#### Entries provided
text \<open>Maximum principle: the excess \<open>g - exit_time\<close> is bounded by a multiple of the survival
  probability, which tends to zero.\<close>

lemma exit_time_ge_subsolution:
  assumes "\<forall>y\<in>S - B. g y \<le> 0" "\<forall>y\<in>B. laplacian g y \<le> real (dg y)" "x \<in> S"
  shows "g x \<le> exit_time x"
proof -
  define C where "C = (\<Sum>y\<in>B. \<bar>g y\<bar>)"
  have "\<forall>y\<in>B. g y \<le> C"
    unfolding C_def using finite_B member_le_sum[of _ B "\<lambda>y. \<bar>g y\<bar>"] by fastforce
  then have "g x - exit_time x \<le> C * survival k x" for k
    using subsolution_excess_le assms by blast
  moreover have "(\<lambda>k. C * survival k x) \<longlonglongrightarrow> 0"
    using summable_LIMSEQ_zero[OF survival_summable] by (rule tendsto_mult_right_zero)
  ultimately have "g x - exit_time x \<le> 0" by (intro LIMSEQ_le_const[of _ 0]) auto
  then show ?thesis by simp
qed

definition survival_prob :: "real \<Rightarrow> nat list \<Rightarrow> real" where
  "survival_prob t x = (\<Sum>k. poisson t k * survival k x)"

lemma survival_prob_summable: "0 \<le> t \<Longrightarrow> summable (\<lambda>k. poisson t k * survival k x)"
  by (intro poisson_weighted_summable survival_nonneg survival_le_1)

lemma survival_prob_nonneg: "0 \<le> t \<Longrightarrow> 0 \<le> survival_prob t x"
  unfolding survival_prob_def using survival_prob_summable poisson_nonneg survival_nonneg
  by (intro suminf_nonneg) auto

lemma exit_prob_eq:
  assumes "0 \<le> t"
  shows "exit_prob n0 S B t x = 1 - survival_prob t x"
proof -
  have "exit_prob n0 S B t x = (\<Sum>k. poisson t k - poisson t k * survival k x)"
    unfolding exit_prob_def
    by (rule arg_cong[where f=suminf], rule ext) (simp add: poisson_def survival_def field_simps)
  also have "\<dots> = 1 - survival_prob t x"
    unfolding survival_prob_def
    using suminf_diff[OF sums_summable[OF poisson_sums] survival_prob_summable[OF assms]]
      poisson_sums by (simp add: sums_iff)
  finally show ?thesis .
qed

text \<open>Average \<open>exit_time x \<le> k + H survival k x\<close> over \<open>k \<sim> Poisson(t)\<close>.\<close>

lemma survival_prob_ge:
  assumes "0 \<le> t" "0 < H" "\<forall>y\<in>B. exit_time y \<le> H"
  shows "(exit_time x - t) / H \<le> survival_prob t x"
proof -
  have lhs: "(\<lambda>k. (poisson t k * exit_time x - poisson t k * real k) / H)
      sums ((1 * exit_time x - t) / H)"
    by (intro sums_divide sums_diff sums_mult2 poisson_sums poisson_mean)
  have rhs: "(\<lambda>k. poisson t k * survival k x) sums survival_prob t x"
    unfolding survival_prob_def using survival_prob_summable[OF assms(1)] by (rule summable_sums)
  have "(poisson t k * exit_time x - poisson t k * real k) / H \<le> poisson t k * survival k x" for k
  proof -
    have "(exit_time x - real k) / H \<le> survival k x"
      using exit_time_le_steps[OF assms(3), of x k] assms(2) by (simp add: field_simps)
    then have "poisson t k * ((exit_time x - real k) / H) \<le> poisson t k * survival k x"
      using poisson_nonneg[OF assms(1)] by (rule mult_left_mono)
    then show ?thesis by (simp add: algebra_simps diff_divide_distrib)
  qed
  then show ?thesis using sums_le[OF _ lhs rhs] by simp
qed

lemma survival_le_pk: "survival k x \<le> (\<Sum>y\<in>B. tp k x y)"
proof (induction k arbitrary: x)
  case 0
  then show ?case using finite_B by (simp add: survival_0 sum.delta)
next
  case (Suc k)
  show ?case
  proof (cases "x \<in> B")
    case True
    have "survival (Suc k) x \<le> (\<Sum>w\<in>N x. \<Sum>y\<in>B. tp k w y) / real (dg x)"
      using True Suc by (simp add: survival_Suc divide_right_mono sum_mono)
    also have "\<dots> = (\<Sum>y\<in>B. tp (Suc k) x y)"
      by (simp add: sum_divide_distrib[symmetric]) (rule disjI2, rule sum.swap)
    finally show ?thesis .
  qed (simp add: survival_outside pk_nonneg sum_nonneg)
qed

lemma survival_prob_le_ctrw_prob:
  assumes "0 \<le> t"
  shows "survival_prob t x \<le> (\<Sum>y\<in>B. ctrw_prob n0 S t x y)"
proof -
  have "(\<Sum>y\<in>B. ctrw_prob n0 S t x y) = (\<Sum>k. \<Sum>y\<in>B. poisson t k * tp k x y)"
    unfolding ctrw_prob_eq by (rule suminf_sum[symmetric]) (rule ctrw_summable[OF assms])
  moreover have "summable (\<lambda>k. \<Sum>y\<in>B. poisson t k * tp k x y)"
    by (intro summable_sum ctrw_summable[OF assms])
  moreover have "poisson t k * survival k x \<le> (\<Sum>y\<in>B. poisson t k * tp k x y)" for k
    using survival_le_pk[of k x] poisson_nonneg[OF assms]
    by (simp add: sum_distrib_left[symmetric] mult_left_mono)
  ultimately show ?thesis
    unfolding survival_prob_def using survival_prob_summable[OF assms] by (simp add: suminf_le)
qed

* * *

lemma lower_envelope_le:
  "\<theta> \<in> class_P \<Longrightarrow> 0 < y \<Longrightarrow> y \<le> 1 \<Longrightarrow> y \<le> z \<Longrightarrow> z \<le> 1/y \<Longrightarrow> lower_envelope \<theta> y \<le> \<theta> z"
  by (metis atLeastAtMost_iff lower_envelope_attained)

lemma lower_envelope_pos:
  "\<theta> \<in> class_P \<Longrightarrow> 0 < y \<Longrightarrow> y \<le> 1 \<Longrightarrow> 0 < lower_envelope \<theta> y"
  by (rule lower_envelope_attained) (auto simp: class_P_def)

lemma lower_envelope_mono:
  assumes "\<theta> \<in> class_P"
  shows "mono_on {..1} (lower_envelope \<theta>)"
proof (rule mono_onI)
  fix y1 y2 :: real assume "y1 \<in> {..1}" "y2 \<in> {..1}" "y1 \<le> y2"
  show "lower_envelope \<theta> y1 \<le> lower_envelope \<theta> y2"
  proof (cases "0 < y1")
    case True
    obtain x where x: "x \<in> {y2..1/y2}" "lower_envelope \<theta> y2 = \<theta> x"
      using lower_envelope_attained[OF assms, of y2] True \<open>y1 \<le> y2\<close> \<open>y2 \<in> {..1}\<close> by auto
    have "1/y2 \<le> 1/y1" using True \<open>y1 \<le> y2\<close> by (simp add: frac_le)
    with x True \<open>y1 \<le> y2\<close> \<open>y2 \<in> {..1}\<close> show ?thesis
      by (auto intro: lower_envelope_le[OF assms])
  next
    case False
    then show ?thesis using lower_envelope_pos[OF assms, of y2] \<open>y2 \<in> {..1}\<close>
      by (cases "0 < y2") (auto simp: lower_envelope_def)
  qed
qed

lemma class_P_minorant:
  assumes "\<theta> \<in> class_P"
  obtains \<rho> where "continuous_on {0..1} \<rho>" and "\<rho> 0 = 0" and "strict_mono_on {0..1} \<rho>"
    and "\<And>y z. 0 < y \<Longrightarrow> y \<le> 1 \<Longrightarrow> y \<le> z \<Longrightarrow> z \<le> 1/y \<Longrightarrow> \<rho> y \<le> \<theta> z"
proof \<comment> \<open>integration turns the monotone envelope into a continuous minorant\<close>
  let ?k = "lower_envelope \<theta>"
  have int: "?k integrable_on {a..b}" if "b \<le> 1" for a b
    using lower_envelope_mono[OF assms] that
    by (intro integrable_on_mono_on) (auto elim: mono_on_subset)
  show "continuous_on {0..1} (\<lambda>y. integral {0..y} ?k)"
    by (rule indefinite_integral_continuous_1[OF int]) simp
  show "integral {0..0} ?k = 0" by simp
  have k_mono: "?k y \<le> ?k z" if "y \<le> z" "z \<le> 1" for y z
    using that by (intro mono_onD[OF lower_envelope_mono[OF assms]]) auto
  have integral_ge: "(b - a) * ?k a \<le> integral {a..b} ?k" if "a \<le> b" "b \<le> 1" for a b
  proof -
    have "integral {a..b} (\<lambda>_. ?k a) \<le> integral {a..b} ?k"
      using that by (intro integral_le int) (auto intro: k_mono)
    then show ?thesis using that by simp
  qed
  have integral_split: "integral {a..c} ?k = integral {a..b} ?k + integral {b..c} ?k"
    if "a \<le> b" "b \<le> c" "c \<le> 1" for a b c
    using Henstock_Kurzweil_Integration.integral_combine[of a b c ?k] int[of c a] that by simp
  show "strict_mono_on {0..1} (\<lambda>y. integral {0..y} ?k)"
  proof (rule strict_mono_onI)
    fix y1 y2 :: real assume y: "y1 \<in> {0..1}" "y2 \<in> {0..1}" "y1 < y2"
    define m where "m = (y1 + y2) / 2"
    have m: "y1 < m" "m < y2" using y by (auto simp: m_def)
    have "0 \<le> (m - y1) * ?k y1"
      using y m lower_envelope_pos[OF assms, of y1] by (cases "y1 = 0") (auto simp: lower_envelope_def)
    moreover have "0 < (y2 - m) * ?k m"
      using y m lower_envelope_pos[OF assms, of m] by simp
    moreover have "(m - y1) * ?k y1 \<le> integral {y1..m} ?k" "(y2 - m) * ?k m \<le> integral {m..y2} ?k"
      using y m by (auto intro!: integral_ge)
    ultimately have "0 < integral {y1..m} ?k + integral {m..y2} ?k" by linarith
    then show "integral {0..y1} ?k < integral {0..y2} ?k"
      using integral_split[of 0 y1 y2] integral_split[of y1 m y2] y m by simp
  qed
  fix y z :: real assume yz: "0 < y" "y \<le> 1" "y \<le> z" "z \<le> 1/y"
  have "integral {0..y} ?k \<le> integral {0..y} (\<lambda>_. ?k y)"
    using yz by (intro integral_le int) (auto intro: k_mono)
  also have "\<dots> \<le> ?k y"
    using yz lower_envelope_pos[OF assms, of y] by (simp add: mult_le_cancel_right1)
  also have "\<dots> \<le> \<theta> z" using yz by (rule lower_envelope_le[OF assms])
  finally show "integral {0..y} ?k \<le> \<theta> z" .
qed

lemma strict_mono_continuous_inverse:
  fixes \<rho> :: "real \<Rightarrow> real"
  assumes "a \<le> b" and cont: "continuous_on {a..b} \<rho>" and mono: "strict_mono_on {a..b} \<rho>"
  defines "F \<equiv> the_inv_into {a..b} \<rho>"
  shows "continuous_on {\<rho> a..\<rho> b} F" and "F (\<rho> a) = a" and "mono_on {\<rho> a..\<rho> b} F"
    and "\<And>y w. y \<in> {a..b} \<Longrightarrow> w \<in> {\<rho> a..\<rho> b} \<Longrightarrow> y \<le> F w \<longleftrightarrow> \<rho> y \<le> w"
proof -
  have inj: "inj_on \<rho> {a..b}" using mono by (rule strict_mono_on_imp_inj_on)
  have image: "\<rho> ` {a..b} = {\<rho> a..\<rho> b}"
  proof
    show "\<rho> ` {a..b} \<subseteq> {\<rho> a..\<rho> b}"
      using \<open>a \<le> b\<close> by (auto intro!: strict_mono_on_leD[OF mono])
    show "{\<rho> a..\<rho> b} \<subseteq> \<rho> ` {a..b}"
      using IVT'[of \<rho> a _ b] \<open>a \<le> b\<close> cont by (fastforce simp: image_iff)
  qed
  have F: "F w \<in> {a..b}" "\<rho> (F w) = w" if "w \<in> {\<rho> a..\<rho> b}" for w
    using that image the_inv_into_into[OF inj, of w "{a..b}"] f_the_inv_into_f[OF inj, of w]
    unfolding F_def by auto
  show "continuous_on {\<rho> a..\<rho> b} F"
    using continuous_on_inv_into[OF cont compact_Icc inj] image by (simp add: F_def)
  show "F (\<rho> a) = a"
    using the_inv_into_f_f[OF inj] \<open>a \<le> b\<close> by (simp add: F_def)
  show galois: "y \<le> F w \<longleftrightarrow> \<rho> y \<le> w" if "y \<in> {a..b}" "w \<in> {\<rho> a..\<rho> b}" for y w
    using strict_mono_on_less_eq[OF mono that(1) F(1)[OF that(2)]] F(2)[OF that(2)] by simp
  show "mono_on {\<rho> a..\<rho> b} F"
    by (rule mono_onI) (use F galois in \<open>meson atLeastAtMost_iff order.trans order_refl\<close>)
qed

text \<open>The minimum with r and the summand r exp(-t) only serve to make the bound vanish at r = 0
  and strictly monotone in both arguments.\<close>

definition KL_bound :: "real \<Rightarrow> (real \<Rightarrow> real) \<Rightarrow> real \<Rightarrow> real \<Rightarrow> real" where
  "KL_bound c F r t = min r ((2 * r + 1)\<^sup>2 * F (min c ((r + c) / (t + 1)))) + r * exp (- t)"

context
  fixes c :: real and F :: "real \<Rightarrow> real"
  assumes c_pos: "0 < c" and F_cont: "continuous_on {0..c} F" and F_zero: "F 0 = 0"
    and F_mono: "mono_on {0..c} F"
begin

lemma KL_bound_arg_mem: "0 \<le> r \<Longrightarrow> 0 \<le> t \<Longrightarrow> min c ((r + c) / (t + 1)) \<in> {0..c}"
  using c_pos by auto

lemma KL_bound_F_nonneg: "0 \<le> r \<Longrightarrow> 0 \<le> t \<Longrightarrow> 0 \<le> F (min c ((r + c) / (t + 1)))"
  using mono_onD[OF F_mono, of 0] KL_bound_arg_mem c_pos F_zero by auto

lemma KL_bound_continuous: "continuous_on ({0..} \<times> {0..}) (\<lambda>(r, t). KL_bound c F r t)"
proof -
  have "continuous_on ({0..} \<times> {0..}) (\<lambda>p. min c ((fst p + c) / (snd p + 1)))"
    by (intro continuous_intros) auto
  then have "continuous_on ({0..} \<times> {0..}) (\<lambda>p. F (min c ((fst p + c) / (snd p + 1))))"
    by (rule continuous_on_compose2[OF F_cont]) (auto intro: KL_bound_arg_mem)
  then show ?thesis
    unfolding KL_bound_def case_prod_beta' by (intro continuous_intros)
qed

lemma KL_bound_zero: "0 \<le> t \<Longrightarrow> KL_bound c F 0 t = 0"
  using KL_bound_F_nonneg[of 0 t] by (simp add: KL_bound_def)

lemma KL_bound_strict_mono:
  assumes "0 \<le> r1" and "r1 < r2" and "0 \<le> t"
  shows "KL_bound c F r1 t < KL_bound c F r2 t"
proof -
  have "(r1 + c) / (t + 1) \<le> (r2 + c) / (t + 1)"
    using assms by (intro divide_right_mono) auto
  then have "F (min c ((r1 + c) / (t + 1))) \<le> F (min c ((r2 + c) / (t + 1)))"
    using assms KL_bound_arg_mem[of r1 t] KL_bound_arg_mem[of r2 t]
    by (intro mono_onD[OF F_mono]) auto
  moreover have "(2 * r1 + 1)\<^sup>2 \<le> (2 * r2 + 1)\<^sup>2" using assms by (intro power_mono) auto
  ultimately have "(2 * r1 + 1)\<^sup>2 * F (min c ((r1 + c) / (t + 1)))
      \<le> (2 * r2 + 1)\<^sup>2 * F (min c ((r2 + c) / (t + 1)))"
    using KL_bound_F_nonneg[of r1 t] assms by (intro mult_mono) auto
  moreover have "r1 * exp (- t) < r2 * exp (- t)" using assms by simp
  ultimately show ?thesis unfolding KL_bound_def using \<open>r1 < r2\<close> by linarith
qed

==

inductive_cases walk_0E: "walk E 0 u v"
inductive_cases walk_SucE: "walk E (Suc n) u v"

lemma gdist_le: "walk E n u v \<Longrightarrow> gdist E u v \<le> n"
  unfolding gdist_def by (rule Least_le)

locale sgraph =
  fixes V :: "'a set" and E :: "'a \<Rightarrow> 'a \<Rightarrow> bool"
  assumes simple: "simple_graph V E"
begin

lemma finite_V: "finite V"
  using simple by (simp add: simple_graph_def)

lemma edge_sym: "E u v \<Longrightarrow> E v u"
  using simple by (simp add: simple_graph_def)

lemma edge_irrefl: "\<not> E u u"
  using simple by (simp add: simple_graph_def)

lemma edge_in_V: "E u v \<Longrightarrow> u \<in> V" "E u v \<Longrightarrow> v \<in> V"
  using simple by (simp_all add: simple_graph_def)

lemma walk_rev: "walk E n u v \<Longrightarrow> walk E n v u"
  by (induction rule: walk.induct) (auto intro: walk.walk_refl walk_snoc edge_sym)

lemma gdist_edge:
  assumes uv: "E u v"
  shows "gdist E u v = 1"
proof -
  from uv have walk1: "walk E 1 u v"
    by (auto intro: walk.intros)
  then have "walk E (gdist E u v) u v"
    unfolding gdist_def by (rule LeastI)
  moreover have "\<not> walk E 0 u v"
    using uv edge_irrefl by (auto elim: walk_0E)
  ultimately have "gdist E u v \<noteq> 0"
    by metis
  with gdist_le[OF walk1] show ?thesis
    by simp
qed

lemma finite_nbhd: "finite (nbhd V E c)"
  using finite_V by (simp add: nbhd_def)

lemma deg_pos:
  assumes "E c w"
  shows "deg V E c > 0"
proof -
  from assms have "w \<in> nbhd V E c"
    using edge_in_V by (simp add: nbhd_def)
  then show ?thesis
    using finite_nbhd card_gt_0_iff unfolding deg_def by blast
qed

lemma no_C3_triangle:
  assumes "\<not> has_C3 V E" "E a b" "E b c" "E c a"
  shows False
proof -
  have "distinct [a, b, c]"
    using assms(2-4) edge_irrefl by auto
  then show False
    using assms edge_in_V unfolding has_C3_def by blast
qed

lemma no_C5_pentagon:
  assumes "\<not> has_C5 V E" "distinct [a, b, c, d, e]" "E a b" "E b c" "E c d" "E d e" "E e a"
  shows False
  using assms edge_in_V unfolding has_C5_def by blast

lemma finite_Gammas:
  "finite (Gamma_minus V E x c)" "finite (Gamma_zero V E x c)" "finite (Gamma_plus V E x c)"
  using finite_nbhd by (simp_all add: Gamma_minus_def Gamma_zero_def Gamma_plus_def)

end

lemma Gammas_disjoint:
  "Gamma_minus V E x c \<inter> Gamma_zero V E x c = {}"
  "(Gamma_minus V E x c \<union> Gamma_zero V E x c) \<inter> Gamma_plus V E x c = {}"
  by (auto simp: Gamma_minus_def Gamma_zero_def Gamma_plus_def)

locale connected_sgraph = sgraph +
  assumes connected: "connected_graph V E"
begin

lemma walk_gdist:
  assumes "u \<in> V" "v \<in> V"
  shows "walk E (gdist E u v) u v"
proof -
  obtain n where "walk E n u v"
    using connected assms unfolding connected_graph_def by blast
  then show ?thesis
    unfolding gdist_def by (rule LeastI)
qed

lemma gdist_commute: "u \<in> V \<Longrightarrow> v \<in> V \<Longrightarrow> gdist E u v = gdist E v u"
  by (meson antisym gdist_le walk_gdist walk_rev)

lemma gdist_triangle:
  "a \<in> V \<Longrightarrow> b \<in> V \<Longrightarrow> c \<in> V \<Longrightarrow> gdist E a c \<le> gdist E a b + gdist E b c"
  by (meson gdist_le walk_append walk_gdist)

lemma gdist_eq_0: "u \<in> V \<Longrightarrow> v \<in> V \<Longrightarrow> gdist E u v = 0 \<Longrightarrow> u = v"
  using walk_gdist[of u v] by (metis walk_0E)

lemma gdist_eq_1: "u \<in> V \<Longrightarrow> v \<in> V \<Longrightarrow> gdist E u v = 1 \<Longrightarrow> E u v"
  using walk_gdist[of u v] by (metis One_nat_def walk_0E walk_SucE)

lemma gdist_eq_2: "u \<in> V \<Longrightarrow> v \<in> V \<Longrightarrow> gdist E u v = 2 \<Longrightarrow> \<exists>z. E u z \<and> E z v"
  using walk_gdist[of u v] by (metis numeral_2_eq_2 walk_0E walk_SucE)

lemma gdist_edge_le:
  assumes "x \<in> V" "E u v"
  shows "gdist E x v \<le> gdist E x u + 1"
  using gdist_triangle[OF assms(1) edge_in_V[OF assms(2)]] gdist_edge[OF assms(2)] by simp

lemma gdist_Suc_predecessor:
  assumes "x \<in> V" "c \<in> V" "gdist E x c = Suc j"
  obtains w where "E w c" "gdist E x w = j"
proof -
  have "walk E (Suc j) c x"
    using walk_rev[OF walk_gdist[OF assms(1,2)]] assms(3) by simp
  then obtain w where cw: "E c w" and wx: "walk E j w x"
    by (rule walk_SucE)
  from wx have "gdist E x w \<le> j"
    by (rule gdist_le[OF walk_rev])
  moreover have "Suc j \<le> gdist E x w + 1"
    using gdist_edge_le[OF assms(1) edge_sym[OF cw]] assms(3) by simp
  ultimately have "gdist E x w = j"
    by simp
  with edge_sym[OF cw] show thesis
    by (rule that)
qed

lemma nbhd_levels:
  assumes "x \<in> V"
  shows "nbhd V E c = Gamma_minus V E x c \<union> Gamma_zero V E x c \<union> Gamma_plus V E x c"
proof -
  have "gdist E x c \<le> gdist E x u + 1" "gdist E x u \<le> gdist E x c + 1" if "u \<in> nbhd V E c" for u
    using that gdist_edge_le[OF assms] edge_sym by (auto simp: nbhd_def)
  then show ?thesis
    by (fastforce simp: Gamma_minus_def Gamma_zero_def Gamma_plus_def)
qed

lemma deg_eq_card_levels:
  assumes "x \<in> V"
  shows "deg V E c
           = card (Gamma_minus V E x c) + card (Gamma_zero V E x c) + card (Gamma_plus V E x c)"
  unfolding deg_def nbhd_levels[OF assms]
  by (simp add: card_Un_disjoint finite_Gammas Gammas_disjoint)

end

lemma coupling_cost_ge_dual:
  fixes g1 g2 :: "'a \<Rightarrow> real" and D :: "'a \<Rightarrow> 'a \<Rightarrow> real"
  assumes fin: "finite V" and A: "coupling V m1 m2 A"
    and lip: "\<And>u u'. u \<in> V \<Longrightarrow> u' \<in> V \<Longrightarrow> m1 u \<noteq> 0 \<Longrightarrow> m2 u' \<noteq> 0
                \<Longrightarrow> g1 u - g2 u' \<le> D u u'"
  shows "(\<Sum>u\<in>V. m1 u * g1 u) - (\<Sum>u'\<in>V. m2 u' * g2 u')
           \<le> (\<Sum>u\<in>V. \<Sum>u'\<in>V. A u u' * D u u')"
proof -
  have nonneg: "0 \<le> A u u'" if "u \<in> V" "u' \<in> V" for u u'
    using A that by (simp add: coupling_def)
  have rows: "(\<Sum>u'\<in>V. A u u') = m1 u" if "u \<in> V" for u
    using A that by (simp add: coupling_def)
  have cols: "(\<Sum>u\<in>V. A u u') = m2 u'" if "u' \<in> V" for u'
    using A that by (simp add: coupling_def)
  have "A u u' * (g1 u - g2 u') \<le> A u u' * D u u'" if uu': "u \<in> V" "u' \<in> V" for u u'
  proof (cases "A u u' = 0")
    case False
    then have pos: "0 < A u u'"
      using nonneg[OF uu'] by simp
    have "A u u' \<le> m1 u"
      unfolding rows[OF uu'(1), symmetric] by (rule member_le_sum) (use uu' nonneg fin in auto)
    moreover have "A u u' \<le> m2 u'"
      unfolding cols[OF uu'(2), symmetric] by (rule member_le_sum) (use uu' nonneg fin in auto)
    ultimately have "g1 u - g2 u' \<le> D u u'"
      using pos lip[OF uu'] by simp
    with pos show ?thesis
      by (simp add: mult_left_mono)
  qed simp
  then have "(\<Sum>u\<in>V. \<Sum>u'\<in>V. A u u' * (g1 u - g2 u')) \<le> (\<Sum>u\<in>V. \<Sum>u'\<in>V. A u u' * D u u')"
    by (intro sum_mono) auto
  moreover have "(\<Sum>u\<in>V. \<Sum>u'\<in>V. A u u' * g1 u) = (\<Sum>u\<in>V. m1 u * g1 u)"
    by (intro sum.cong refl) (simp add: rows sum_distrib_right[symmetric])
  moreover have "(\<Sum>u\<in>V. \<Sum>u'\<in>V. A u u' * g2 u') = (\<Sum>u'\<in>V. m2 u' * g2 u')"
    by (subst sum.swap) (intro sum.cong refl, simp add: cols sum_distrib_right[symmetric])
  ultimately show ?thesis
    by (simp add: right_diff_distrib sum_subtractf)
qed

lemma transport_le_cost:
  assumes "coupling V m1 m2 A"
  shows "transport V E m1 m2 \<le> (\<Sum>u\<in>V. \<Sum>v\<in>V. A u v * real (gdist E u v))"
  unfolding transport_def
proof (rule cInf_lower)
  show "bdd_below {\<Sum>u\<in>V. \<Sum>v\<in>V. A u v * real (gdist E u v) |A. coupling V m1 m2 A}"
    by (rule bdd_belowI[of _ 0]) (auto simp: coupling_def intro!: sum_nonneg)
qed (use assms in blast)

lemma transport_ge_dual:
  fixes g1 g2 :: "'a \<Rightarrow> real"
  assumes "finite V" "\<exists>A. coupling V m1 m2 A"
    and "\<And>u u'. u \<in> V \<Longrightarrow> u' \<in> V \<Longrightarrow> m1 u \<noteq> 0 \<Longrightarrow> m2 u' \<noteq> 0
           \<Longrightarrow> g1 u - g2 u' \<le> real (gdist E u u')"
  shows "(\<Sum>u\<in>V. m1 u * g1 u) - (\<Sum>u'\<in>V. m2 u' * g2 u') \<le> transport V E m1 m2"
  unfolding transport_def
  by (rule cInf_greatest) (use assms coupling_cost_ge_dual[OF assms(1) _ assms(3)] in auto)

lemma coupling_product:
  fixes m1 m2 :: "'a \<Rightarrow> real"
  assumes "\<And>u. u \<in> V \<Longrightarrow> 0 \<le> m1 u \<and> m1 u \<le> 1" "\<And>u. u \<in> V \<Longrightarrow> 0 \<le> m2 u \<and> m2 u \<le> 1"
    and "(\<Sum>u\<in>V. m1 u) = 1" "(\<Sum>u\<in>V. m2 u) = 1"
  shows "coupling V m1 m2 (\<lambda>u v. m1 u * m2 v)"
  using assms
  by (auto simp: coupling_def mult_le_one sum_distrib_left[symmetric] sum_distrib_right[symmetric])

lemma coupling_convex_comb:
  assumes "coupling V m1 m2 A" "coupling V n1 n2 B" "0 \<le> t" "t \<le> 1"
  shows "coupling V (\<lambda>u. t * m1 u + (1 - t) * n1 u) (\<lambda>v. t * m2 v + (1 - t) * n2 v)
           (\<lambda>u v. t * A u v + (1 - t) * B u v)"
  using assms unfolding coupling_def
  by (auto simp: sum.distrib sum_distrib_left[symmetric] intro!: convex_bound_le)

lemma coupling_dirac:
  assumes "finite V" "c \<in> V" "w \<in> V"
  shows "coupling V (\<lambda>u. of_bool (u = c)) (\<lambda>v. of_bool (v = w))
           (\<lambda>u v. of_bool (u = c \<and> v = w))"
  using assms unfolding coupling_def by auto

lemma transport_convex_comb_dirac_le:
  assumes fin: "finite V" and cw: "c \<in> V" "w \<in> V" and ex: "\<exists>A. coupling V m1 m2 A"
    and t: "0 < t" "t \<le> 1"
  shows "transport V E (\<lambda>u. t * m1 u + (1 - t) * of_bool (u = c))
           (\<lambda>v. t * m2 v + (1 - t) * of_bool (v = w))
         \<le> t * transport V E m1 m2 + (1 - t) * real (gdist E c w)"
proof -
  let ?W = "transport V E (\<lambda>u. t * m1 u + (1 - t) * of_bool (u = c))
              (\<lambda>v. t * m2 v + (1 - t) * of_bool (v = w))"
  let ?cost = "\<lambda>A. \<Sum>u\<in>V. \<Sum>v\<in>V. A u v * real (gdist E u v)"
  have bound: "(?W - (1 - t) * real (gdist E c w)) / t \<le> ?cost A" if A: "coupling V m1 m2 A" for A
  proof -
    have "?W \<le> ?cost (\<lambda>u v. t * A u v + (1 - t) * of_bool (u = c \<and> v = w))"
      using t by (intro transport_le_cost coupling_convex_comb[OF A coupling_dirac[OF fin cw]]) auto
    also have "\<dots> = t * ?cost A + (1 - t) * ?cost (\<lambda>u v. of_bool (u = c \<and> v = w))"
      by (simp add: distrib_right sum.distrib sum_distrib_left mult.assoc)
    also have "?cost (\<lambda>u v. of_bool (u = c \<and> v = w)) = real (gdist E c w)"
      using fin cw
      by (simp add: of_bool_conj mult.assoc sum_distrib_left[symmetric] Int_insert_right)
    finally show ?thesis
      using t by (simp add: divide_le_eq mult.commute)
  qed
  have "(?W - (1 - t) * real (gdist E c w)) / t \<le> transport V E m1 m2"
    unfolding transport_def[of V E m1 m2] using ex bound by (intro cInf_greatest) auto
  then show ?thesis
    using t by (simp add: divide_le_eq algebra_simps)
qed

#### Task objective
Please write out, exactly as they appear above, only the lines in the stretch from the line with "text \<open>Maximum principle: the" through the line with "unfolding exit_prob_def".

#### Result below
text \<open>Maximum principle: the excess \<open>g - exit_time\<close> is bounded by a multiple of the survival
  probability, which tends to zero.\<close>

lemma exit_time_ge_subsolution:
  assumes "\<forall>y\<in>S - B. g y \<le> 0" "\<forall>y\<in>B. laplacian g y \<le> real (dg y)" "x \<in> S"
  shows "g x \<le> exit_time x"
proof -
  define C where "C = (\<Sum>y\<in>B. \<bar>g y\<bar>)"
  have "\<forall>y\<in>B. g y \<le> C"
    unfolding C_def using finite_B member_le_sum[of _ B "\<lambda>y. \<bar>g y\<bar>"] by fastforce
  then have "g x - exit_time x \<le> C * survival k x" for k
    using subsolution_excess_le assms by blast
  moreover have "(\<lambda>k. C * survival k x) \<longlonglongrightarrow> 0"
    using summable_LIMSEQ_zero[OF survival_summable] by (rule tendsto_mult_right_zero)
  ultimately have "g x - exit_time x \<le> 0" by (intro LIMSEQ_le_const[of _ 0]) auto
  then show ?thesis by simp
qed

definition survival_prob :: "real \<Rightarrow> nat list \<Rightarrow> real" where
  "survival_prob t x = (\<Sum>k. poisson t k * survival k x)"

lemma survival_prob_summable: "0 \<le> t \<Longrightarrow> summable (\<lambda>k. poisson t k * survival k x)"
  by (intro poisson_weighted_summable survival_nonneg survival_le_1)

lemma survival_prob_nonneg: "0 \<le> t \<Longrightarrow> 0 \<le> survival_prob t x"
  unfolding survival_prob_def using survival_prob_summable poisson_nonneg survival_nonneg
  by (intro suminf_nonneg) auto

lemma exit_prob_eq:
  assumes "0 \<le> t"
  shows "exit_prob n0 S B t x = 1 - survival_prob t x"
proof -
  have "exit_prob n0 S B t x = (\<Sum>k. poisson t k - poisson t k * survival k x)"
    unfolding exit_prob_def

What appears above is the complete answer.